Leveraging Large Scale Genome and Transcriptome to Decode the Biology of Complex Traits
Over the last decade and half, the field of complex trait genetics has made unprecedented amount of progress discovering tens of thousands of variants robustly associated with a broad spectrum of human diseases and traits. Despite this success, the understanding of the mechanisms underlying these discoveries is lagging. In this talk, I will survey what we have learned about the biology of complex traits using genome-wide association studies, biobank-level phenome data, comprehensive atlas of transcriptome regulation, and a suite of methods tailored to integrate these data.

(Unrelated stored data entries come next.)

lemma AE_abs_le_of_L1_approx:
  fixes g :: "'a \<Rightarrow> real"
  assumes "finite_measure M" and "integrable M g"
    and approx: "\<And>\<epsilon>. 0 < \<epsilon> \<Longrightarrow>
      \<exists>f. integrable M f \<and> (AE x in M. \<bar>f x\<bar> \<le> C) \<and> (\<integral>x. \<bar>f x - g x\<bar> \<partial>M) < \<epsilon>"
  shows "AE x in M. \<bar>g x\<bar> \<le> C"
proof -
  interpret finite_measure M by fact
  define excess where "excess x = max (\<bar>g x\<bar> - C) 0" for x
  have excess_integrable: "integrable M excess"
  proof (rule Bochner_Integration.integrable_bound)
    show "integrable M (\<lambda>x. \<bar>g x\<bar> + \<bar>C\<bar>)"
      using \<open>integrable M g\<close> by auto
    show "excess \<in> borel_measurable M"
      using \<open>integrable M g\<close> unfolding excess_def by measurable
  qed (auto simp: excess_def)
  have "integral\<^sup>L M excess < \<epsilon>" if \<epsilon>: "0 < \<epsilon>" for \<epsilon>
  proof -
    obtain f where f: "integrable M f" "AE x in M. \<bar>f x\<bar> \<le> C" "(\<integral>x. \<bar>f x - g x\<bar> \<partial>M) < \<epsilon>"
      using approx[OF \<epsilon>] by blast
    have "integral\<^sup>L M excess \<le> (\<integral>x. \<bar>f x - g x\<bar> \<partial>M)"
    proof (rule integral_mono_AE[OF excess_integrable])
      show "integrable M (\<lambda>x. \<bar>f x - g x\<bar>)"
        using f(1) \<open>integrable M g\<close> by auto
      show "AE x in M. excess x \<le> \<bar>f x - g x\<bar>"
        using f(2) by eventually_elim (auto simp: excess_def)
    qed
    with f(3) show ?thesis
      by simp
  qed
  then have "integral\<^sup>L M excess \<le> 0"
    by (metis less_irrefl not_le)
  moreover have "0 \<le> integral\<^sup>L M excess"
    by (simp add: excess_def)
  ultimately have "integral\<^sup>L M excess = 0"
    by simp
  then have "AE x in M. excess x = 0"
    using integral_nonneg_eq_0_iff_AE[OF excess_integrable] by (simp add: excess_def)
  then show ?thesis
    by eventually_elim (auto simp: excess_def)
qed
(* Let $\psi:(0,1]\to(0,\infty)$ with $\psi(1)=1$, $\lim_{r\to0+}\psi(r)=0$ and $I_\psi\subset(0,1)$, and let $f\in C^\psi(\mathbb{R}^d)$. There exists a constant $C=C(\psi)$ such that $$[f]_{C^\psi}\le C\big(\|f\|_{C^0}+[[f]]_{C^\psi}\big).$$
   Context: $g:(0,1]\to(0,\infty)$ is almost increasing if $c\,g(r)\le g(R)$ for some $c\in(0,1]$ and all $0<r\le R\le1$, almost decreasing if $g(R)\le Cg(r)$ for some $C\ge1$ and all $0<r\le R\le1$. $M_\psi=\inf\{\alpha: \psi(r)/r^\alpha\text{ almost decreasing on }(0,1]\}$, $m_\psi=\sup\{\alpha: \psi(r)/r^\alpha\text{ almost increasing on }(0,1]\}$, $I_\psi=[m_\psi,M_\psi]$. $\|f\|_{C^0}=\sup|f|$. $[f]_{C^\psi}=\sup_{x\in\mathbb{R}^d}\sup_{0<|h|\le1}\frac{|f(x+h)-f(x)|}{\psi(|h|)}$ and $[[f]]_{C^\psi}=\sup_{x\in\mathbb{R}^d}\sup_{0<|h|\le1}\frac{|f(x+h)-2f(x)+f(x-h)|}{\psi(|h|)}$. When $m_\psi\in(0,1]$, $C^\psi(\mathbb{R}^d)$ is the space of bounded continuous $f$ with $[f]_{C^\psi}<\infty$. *)

theory Defs
  imports "HOL-Analysis.Analysis"
begin

definition almost_increasing :: "(real \<Rightarrow> real) \<Rightarrow> bool" where
  "almost_increasing g \<longleftrightarrow>
     (\<exists>c. 0 < c \<and> c \<le> 1 \<and> (\<forall>r R. 0 < r \<and> r \<le> R \<and> R \<le> 1 \<longrightarrow> c * g r \<le> g R))"

definition almost_decreasing :: "(real \<Rightarrow> real) \<Rightarrow> bool" where
  "almost_decreasing g \<longleftrightarrow>
     (\<exists>C. 1 \<le> C \<and> (\<forall>r R. 0 < r \<and> r \<le> R \<and> R \<le> 1 \<longrightarrow> g R \<le> C * g r))"

text \<open>Upper and lower indices, valued in the extended reals (inf of empty set = +infinity).\<close>
definition M_idx :: "(real \<Rightarrow> real) \<Rightarrow> ereal" where
  "M_idx \<psi> = Inf {ereal \<alpha> | \<alpha>. almost_decreasing (\<lambda>r. \<psi> r / r powr \<alpha>)}"

definition m_idx :: "(real \<Rightarrow> real) \<Rightarrow> ereal" where
  "m_idx \<psi> = Sup {ereal \<alpha> | \<alpha>. almost_increasing (\<lambda>r. \<psi> r / r powr \<alpha>)}"

definition I_idx :: "(real \<Rightarrow> real) \<Rightarrow> ereal set" where
  "I_idx \<psi> = {m_idx \<psi> .. M_idx \<psi>}"

definition C0_norm :: "('a \<Rightarrow> real) \<Rightarrow> ereal" where
  "C0_norm f = (SUP x. ereal \<bar>f x\<bar>)"

definition holder_semi :: "(real \<Rightarrow> real) \<Rightarrow> ('a::real_normed_vector \<Rightarrow> real) \<Rightarrow> ereal" where
  "holder_semi \<psi> f = (SUP x. SUP h \<in> {h. 0 < norm h \<and> norm h \<le> 1}.
      ereal (\<bar>f (x + h) - f x\<bar> / \<psi> (norm h)))"

definition holder_semi2 :: "(real \<Rightarrow> real) \<Rightarrow> ('a::real_normed_vector \<Rightarrow> real) \<Rightarrow> ereal" where
  "holder_semi2 \<psi> f = (SUP x. SUP h \<in> {h. 0 < norm h \<and> norm h \<le> 1}.
      ereal (\<bar>f (x + h) - 2 * f x + f (x - h)\<bar> / \<psi> (norm h)))"

definition C_psi :: "(real \<Rightarrow> real) \<Rightarrow> ('a::euclidean_space \<Rightarrow> real) set" where
  "C_psi \<psi> = {f. bounded (range f) \<and> continuous_on UNIV f \<and> holder_semi \<psi> f < \<infinity>}"

end

theory Submission
  imports Defs
begin

text \<open>Telescoping the second differences along the dyadic points x + 2^j h gives
  |f(x+h) - f(x)| \<le> 2^-n |f(x + 2^n h) - f(x)| + [[f]] \<Sum>_{j<n} 2^(-j-1) \<psi>(2^j |h|).
  Stopping at the largest n with 2^n |h| \<le> 1, the first term is at most 4 \<parallel>f\<parallel> |h|.
  Since M_\<psi> < 1, \<psi>(r)/r^\<beta> is almost decreasing for some \<beta> < 1; this gives
  |h| \<le> K \<psi>(|h|) and \<psi>(2^j |h|) \<le> K 2^(j\<beta>) \<psi>(|h|), so the sum is dominated by a
  geometric series of ratio 2^(\<beta>-1).\<close>

lemma half_two_powr_lt_1: "(\<beta>::real) < 1 \<Longrightarrow> 2 powr \<beta> / 2 < 1"
  using powr_less_mono[of \<beta> 1 2] by simp

lemma almost_increasing_exponent_le_almost_decreasing_exponent:
  fixes \<psi> :: "real \<Rightarrow> real"
  assumes "0 < \<psi> 1"
    and "almost_increasing (\<lambda>r. \<psi> r / r powr a)"
    and "almost_decreasing (\<lambda>r. \<psi> r / r powr b)"
  shows "a \<le> b"
proof (rule ccontr)
  assume "\<not> a \<le> b"
  obtain c where c: "0 < c" "c \<le> 1"
    "\<And>r R. 0 < r \<Longrightarrow> r \<le> R \<Longrightarrow> R \<le> 1 \<Longrightarrow> c * (\<psi> r / r powr a) \<le> \<psi> R / R powr a"
    using assms(2) unfolding almost_increasing_def by blast
  obtain C where C: "1 \<le> C"
    "\<And>r R. 0 < r \<Longrightarrow> r \<le> R \<Longrightarrow> R \<le> 1 \<Longrightarrow> \<psi> R / R powr b \<le> C * (\<psi> r / r powr b)"
    using assms(3) unfolding almost_decreasing_def by blast
  \<comment> \<open>At \<open>r\<^sup>a\<^sup>-\<^sup>b = c / (2 C)\<close> the two almost-monotonicity bounds between \<open>r\<close>
    and \<open>1\<close> contradict each other.\<close>
  define r where "r = (c / (2 * C)) powr (1 / (a - b))"
  have "0 < c / (2 * C)" "c / (2 * C) \<le> 1" using c C by (auto simp: field_simps)
  then have r: "0 < r" "r \<le> 1" "r powr (a - b) = c / (2 * C)"
    using \<open>\<not> a \<le> b\<close> c(1) C(1) unfolding r_def by (auto intro: powr_le1 simp: powr_powr)
  have "c * (\<psi> 1 * r powr b) \<le> c * (C * \<psi> r)"
    using C(2)[of r 1] r c(1) by (intro mult_left_mono) (simp_all add: field_simps)
  also have "\<dots> = C * (c * \<psi> r)" by simp
  also have "\<dots> \<le> C * (\<psi> 1 * r powr a)"
    using c(3)[of r 1] r C(1) by (intro mult_left_mono) (simp_all add: field_simps)
  also have "r powr a = r powr b * r powr (a - b)" by (simp flip: powr_add)
  also have "C * (\<psi> 1 * (r powr b * r powr (a - b))) = c * (\<psi> 1 * r powr b) / 2"
    using r(3) C(1) by simp
  finally have "c * (\<psi> 1 * r powr b) \<le> c * (\<psi> 1 * r powr b) / 2" .
  moreover have "0 < c * (\<psi> 1 * r powr b)" using c(1) assms(1) r(1) by simp
  ultimately show False by simp
qed

lemma exists_almost_decreasing_exponent_lt_1:
  fixes \<psi> :: "real \<Rightarrow> real"
  assumes "0 < \<psi> 1" and "I_idx \<psi> \<subseteq> {0<..<1}"
  obtains \<beta> where "\<beta> < 1" "almost_decreasing (\<lambda>r. \<psi> r / r powr \<beta>)"
proof (cases "m_idx \<psi> \<le> M_idx \<psi>")
  case True
  then have "M_idx \<psi> < 1" using assms(2) unfolding I_idx_def by auto
  then obtain x where "x \<in> {ereal \<alpha> | \<alpha>. almost_decreasing (\<lambda>r. \<psi> r / r powr \<alpha>)}" "x < 1"
    unfolding M_idx_def Inf_less_iff by blast
  with that show thesis by auto
next
  case False
  \<comment> \<open>Then \<open>I_idx \<psi>\<close> is empty and the hypothesis says nothing; this case is impossible.\<close>
  then have "M_idx \<psi> < m_idx \<psi>" by simp
  then obtain x where x: "x \<in> {ereal \<alpha> | \<alpha>. almost_increasing (\<lambda>r. \<psi> r / r powr \<alpha>)}" "M_idx \<psi> < x"
    unfolding m_idx_def less_Sup_iff by auto
  then obtain y where "y \<in> {ereal \<alpha> | \<alpha>. almost_decreasing (\<lambda>r. \<psi> r / r powr \<alpha>)}" "y < x"
    unfolding M_idx_def Inf_less_iff by blast
  with x almost_increasing_exponent_le_almost_decreasing_exponent[of \<psi>, OF assms(1)] show thesis
    by force
qed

Data-enabled integrative analysis for fine mapping and interpretation of associated genetic variants
While there has been many advances in incorporating prior information into prioritization of associated variants in genome-wide and molecular association studies, functional annotation data rarely played more than an indirect role in assessing evidence for association in these approaches. This talk is organized around our recent work on generating large-scale annotation data for single nucleotide variants and their model-based integration into fine mapping of quantitative and molecular traits.
Dr. Dan Knights is a computational microbiologist. He is a professor in the Department of Computer Science and Engineering and the Biotechnology Institute at the University of Minnesota. Dan received his B.A. from Middlebury College, and his PhD from the University of Colorado, both in Computer Science and Computational Biology, followed by a post-doctoral fellowship at Harvard. His research uses data mining and machine learning to link microbial and human genomic data to human disease. Dan has co-authored articles in top multidisciplinary journals. In 2015 he was named a McKnight Land-Grant Professor by the University of Minnesota.
Less is More: Extracting features from shallow sequencing data
Microbiomes are complex and highly variable, requiring analysis of massive quantities of microbial DNA from biological samples. Unfortunately, clinical microbiome researchers often have to choose between having high-resolution data, via deep shotgun sequencing, or having larger sample sizes, via affordable but low-resolution marker gene sequencing. Using real examples in clinical microbiome studies, this talk discusses methods for increasing power using larger studies with shallow shotgun metagenomics sequencing.
Reading the fossil record of a cancer
During carcinogenesis, cells accumulate 1000s of somatic DNA mutations. Driver mutations bestow fitness advantages that lead to selective sweeps that increase that frequency of mutated cells compared to those lacking the driver. These sweeps also increase the frequency of passenger mutations accumulated since the last such sweep. These mutation "fossils" have little impact on cell function but reflect the mutational processes that generated them. Both their type (i.e., A to C) and genomic locations depend on both what caused the mutation, e.g., UV light, and also the chromatin state of the cell that acquired it. I will describe machine learning approaches to (i) group mutations into subclones associated with different sweeps, (ii) reconstruct the phylogenies of these subclones, and (iii) to analyze these groups to infer properties of the historical cell environment in which these mutations accumulated. The ultimate goal of this work is to reconstruct the dynamic cell environments as a normal cell progressively transforms into a cancerous one.